#### [Your goal]
Please filter the data below down to the lines holding the string "each".

#### [Data extract]
lemma gap_h_size_le_1: "(c, d) \<in> F \<Longrightarrow> h d - h c \<le> 1"
  using gaps_in_unit[of c d] h_mono[of d 1] h_mono[of 0 c] h_0 h_1 by force

lemma gap_h_size_nonneg: "(c, d) \<in> F \<Longrightarrow> 0 \<le> h d - h c"
  using gaps_in_unit[of c d] h_mono[of c d] by force

definition gaps_within :: "(nat \<Rightarrow> real) \<Rightarrow> (nat \<Rightarrow> real) \<Rightarrow> (nat \<times> real \<times> real) set" where
  "gaps_within a b = {(j, c, d). j < m \<and> (c, d) \<in> F \<and> a j \<le> c \<and> d \<le> b j}"

lemma finite_gaps_within: "finite (gaps_within a b)"
  by (rule finite_subset[of _ "{..<m} \<times> F"]) (auto simp: gaps_within_def gaps_finite)

text \<open>The state of the construction: the \<open>j\<close>-th point is still free in \<open>[a j, b j]\<close>,
  every gap left inside these intervals has \<open>h\<close>-size at most \<open>M\<close>, their ends are \<open>0\<close>, \<open>1\<close> or
  ends of gaps of size at least \<open>M\<close>, and each interval has \<open>h\<close>-size at least \<open>\<tau> M\<close>.\<close>
definition admissible :: "(nat \<Rightarrow> real) \<Rightarrow> (nat \<Rightarrow> real) \<Rightarrow> real \<Rightarrow> real \<Rightarrow> bool" where
  "admissible a b M y \<longleftrightarrow>
    (\<forall>j<m. 0 \<le> a j \<and> a j \<le> b j \<and> b j \<le> 1 \<and>
      (a j = 0 \<or> (\<exists>c. (c, a j) \<in> F \<and> M \<le> h (a j) - h c)) \<and>
      (b j = 1 \<or> (\<exists>d. (b j, d) \<in> F \<and> M \<le> h d - h (b j))) \<and>
      (a j = 0 \<and> b j = 1 \<or> \<tau> * M \<le> h (b j) - h (a j))) \<and>
    (\<forall>j c d. (j, c, d) \<in> gaps_within a b \<longrightarrow> h d - h c \<le> M) \<and>
    (\<Sum>j<m. h (a j)) \<le> y \<and> y \<le> (\<Sum>j<m. h (b j))"

lemma admissibleD:
  assumes "admissible a b M y" "j < m"
  shows "0 \<le> a j" "a j \<le> b j" "b j \<le> 1"
    and "a j = 0 \<or> (\<exists>c. (c, a j) \<in> F \<and> M \<le> h (a j) - h c)"
    and "b j = 1 \<or> (\<exists>d. (b j, d) \<in> F \<and> M \<le> h d - h (b j))"
    and "a j = 0 \<and> b j = 1 \<or> \<tau> * M \<le> h (b j) - h (a j)"
  using assms unfolding admissible_def by blast+

lemma admissible_gap_le: "admissible a b M y \<Longrightarrow> (j, c, d) \<in> gaps_within a b \<Longrightarrow> h d - h c \<le> M"
  unfolding admissible_def by blast

lemma admissible_sums: "admissible a b M y \<Longrightarrow> (\<Sum>j<m. h (a j)) \<le> y \<and> y \<le> (\<Sum>j<m. h (b j))"
  unfolding admissible_def by blast
(* Let $A=(a_{ij})_{1\le i,j\le n}$ be a complex Nekrasov matrix, and let $k\in\{1,\dots,n\}$ be the smallest index such that $a_{kj}=0$ for all $j>k$. Then there exist real numbers $\epsilon_1,\dots,\epsilon_n$ satisfying $$\epsilon_i=0 \text{ for } i=1,\dots,k-1,\qquad 0<\epsilon_i<|a_{ii}|-h_i(A)\ \text{ and }\ \epsilon_i>\sum_{j=k}^{i-1}\frac{|a_{ij}|\,\epsilon_j}{|a_{jj}|}\ \text{ for } i=k,\dots,n$$ (the sum being empty for $i=k$), and for any such numbers the diagonal matrix $S=\mathrm{diag}(s_1,\dots,s_n)$ with $s_i:=\frac{h_i(A)+\epsilon_i}{|a_{ii}|}$ has positive diagonal entries and $AS$ is strictly diagonally dominant by rows.
   Context: For a complex $n\times n$ matrix $A=(a_{ij})$ with $a_{ii}\ne 0$ for all $i$, define recursively $h_1(A):=\sum_{j\ne 1}|a_{1j}|$ and $h_i(A):=\sum_{j=1}^{i-1}|a_{ij}|\frac{h_j(A)}{|a_{jj}|}+\sum_{j=i+1}^{n}|a_{ij}|$ for $i=2,\dots,n$. $A$ is a Nekrasov matrix if $|a_{ii}|>h_i(A)$ for all $i\in\{1,\dots,n\}$. A matrix $B=(b_{ij})$ is strictly diagonally dominant by rows (SDD) if $|b_{ii}|>\sum_{j\ne i}|b_{ij}|$ for all $i$. *)

theory Defs
  imports Complex_Main
begin
text \<open>Bipartite graph with left vertex set L = {..<n} (the paper's [n], 0-based)
 and right vertex set R = {..<m}. For each right vertex v, nbr v is the fixed
 ordering of its neighbourhood N(v) (a distinct list of left vertices).
 Vectors of F_2^n are functions nat => bool (only coordinates < n matter),
 words of F_2^d are bool lists of length d; addition is xor.\<close>

definition left_nbrs :: "nat \<Rightarrow> (nat \<Rightarrow> nat list) \<Rightarrow> nat \<Rightarrow> nat set" where
  "left_nbrs m nbr i = {v. v < m \<and> i \<in> set (nbr v)}"

definition nbhd :: "nat \<Rightarrow> (nat \<Rightarrow> nat list) \<Rightarrow> nat set \<Rightarrow> nat set" where
  "nbhd m nbr S = {v. v < m \<and> set (nbr v) \<inter> S \<noteq> {}}"

definition bipartite_graph :: "nat \<Rightarrow> nat \<Rightarrow> (nat \<Rightarrow> nat list) \<Rightarrow> bool" where
  "bipartite_graph n m nbr \<longleftrightarrow> (\<forall>v<m. distinct (nbr v) \<and> set (nbr v) \<subseteq> {..<n})"

definition regular_bipartite :: "nat \<Rightarrow> nat \<Rightarrow> nat \<Rightarrow> nat \<Rightarrow> (nat \<Rightarrow> nat list) \<Rightarrow> bool" where
  "regular_bipartite c d n m nbr \<longleftrightarrow> bipartite_graph n m nbr \<and>
     (\<forall>i<n. card (left_nbrs m nbr i) = c) \<and> (\<forall>v<m. length (nbr v) = d)"

definition bipartite_expander ::
  "nat \<Rightarrow> nat \<Rightarrow> real \<Rightarrow> real \<Rightarrow> nat \<Rightarrow> nat \<Rightarrow> (nat \<Rightarrow> nat list) \<Rightarrow> bool" where
  "bipartite_expander c d \<alpha> \<delta> n m nbr \<longleftrightarrow>
     0 < \<alpha> \<and> \<alpha> \<le> 1 \<and> 0 < \<delta> \<and> \<delta> \<le> 1 \<and> regular_bipartite c d n m nbr \<and>
     (\<forall>S. S \<subseteq> {..<n} \<longrightarrow> real (card S) \<le> \<alpha> * real n \<longrightarrow>
          real (card (nbhd m nbr S)) \<ge> \<delta> * real c * real (card S))"

definition hdist :: "bool list \<Rightarrow> bool list \<Rightarrow> nat" where
  "hdist u w = card {k. k < length u \<and> k < length w \<and> u ! k \<noteq> w ! k}"

definition xorw :: "bool list \<Rightarrow> bool list \<Rightarrow> bool list" where
  "xorw u w = map2 (\<noteq>) u w"

definition linear_code :: "nat \<Rightarrow> bool list set \<Rightarrow> bool" where
  "linear_code d C \<longleftrightarrow> (\<forall>w\<in>C. length w = d) \<and> replicate d False \<in> C \<and>
     (\<forall>u\<in>C. \<forall>w\<in>C. xorw u w \<in> C)"

definition min_distance :: "bool list set \<Rightarrow> nat \<Rightarrow> bool" where
  "min_distance C d0 \<longleftrightarrow> (\<exists>u\<in>C. \<exists>w\<in>C. u \<noteq> w \<and> hdist u w = d0) \<and>
     (\<forall>u\<in>C. \<forall>w\<in>C. u \<noteq> w \<longrightarrow> d0 \<le> hdist u w)"

definition restrict_word :: "(nat \<Rightarrow> bool) \<Rightarrow> (nat \<Rightarrow> nat list) \<Rightarrow> nat \<Rightarrow> bool list" where
  "restrict_word x nbr v = map x (nbr v)"

definition tanner_code :: "nat \<Rightarrow> nat \<Rightarrow> (nat \<Rightarrow> nat list) \<Rightarrow> bool list set \<Rightarrow> (nat \<Rightarrow> bool) set" where
  "tanner_code n m nbr C0 = {x. \<forall>v<m. restrict_word x nbr v \<in> C0}"

definition flips :: "nat \<Rightarrow> (nat \<Rightarrow> bool) \<Rightarrow> (nat \<Rightarrow> bool) \<Rightarrow> nat set" where
  "flips n x y = {i. i < n \<and> x i \<noteq> y i}"

text \<open>Closest codeword, ties broken lexicographically (False < True).\<close>
definition decode :: "bool list set \<Rightarrow> bool list \<Rightarrow> bool list" where
  "decode C z = (let M = {w \<in> C. \<forall>w'\<in>C. hdist w z \<le> hdist w' z}
                 in THE w. w \<in> M \<and> (\<forall>w'\<in>M. w \<le> w'))"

#### [Exercise result]
  ends of gaps of size at least \<open>M\<close>, and each interval has \<open>h\<close>-size at least \<open>\<tau> M\<close>.\<close>
 and right vertex set R = {..<m}. For each right vertex v, nbr v is the fixed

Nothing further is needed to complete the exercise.